藍野大学は2004年に開学し、現在、2学部5学科1専攻科2研究科体制(看護学部看護学科、医療保健学部理学療法学科・作業療法学科・臨床工学科・健康科学科、臨床工学専攻科、看護学研究科、健康科学研究科)で運営しています。

急速な少子高齢化と社会構造の変化が進む中、医療・健康分野では、地域医療体制の維持困難、医療人材の不足と地域偏在など1つの専門性では解決が困難な課題が山積しており、多職種連携の必要性が高まっています。

また、慢性疾患や認知症の増加により、病院完結型から地域完結型医療への転換が求められる一方、医療のデジタル化やAI活用の進展により医療・健康分野に必要なスキルが変化しています。

藍野大学では、建学の精神として「愛智精神〔Philo-sophia〕にもとづく人間教育」、教育理念として「Saluti et solatio aegrorum(邦訳:病める人々を医やすばかりでなく慰めるために)」を掲げています。そして「シン・メディカル(様々な専門職が対話と議論を重ね、協働する中で人間中心の医療を実現していくこと)」を「つながる力」として大切にしてきました。この「つながる力」を基盤として、これからの未来を見据え、人がその生涯を通じて尊厳を保ち、健康に生きることができる社会の実現を目指します。そのために、人のLife(ライフ)、すなわち生きることを「生命」、「生活」、そして「人生」という3つの側面から『TriLIFE』として捉え、その全てが豊かに調和した状態〈TriLIFE well-being(トライライフ・ウェルビーイング)〉の実現に向け、教育力・研究力・連携力の一層の強化を図ります。

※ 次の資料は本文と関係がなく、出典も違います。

lemma L2_nested_balls:
  assumes c: "\<And>n. c n \<in> L2" and r: "\<And>n. r n \<ge> 0"
    and nested: "\<And>n. L2_norm (\<lambda>z. c (Suc n) z - c n z) \<le> r n - r (Suc n)"
  obtains g where "g \<in> L2" "\<And>n. L2_norm (\<lambda>z. g z - c n z) \<le> r n"
proof -
  have dist: "L2_norm (\<lambda>z. c m z - c n z) \<le> r n - r m" if "n \<le> m" for m n
    using that
  proof (induction m rule: dec_induct)
    case (step m)
    have "L2_norm (\<lambda>z. c (Suc m) z - c n z) \<le> L2_norm (\<lambda>z. c (Suc m) z - c m z) + L2_norm (\<lambda>z. c m z - c n z)"
      by (intro L2_norm_triangle_diff c)
    then show ?case
      using step.IH nested[of m] by linarith
  qed (simp add: L2_norm_zero)
  have "(\<Sum>n<m. L2_norm (\<lambda>z. c (Suc n) z - c n z)) \<le> r 0" for m
  proof -
    have "(\<Sum>n<m. L2_norm (\<lambda>z. c (Suc n) z - c n z)) \<le> (\<Sum>n<m. r n - r (Suc n))"
      by (intro sum_mono nested)
    also have "\<dots> = r 0 - r m"
      by (rule sum_lessThan_telescope')
    finally show ?thesis
      using r[of m] by linarith
  qed
  then have "summable (\<lambda>n. L2_norm (\<lambda>z. c (Suc n) z - c n z))"
    by (rule summableI_nonneg_bounded[OF L2_norm_nonneg])
  then obtain g where g: "g \<in> L2" and lim: "(\<lambda>m. L2_norm (\<lambda>z. c m z - g z)) \<longlonglongrightarrow> 0"
    by (rule L2_summable_increments_converge[OF c])
  show ?thesis
  proof (rule that[OF g])
    fix n
    show "L2_norm (\<lambda>z. g z - c n z) \<le> r n"
    proof (rule L2_norm_limit_le[where fs="\<lambda>m z. c m z - c n z"])
      show "(\<lambda>z. c m z - c n z) \<in> L2" for m
        by (intro L2_diff c)
      show "(\<lambda>z. g z - c n z) \<in> L2"
        by (intro L2_diff g c)
      show "(\<lambda>m. L2_norm (\<lambda>z. (c m z - c n z) - (g z - c n z))) \<longlonglongrightarrow> 0"
        using lim by simp
      have "L2_norm (\<lambda>z. c m z - c n z) \<le> r n" if "n \<le> m" for m
        using dist[OF that] r[of m] by linarith
      then show "eventually (\<lambda>m. L2_norm (\<lambda>z. c m z - c n z) \<le> r n) sequentially"
        unfolding eventually_sequentially by blast
    qed
  qed
qed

また、医療・健康分野における人材育成拠点かつ地域の健康増進の中核として、3つのラボを地域に開かれた医療・健康に関する教育・研究・地域貢献のHub(Aino Life Support Hub:AiLiS)として機能させています。AiLiS(アイリス)は、模擬手術室をさらに発展させたClinical Skills Lab(C-Lab)、臨場感のあるプロジェクションマッピングによる映像投影シミュレーションを備えるAino Simulation Lab(AinS-Lab)、総合トレーニングセンターを備えたFitness Lab(F-Lab)の3つのラボにより構成され、学生と教職員さらに地域が共同し、つながる場とし、多様な他者と協働しながら、医療・健康分野の未来を切り拓く人材を養成し、持続可能な地域医療・健康の実現に寄与していきます。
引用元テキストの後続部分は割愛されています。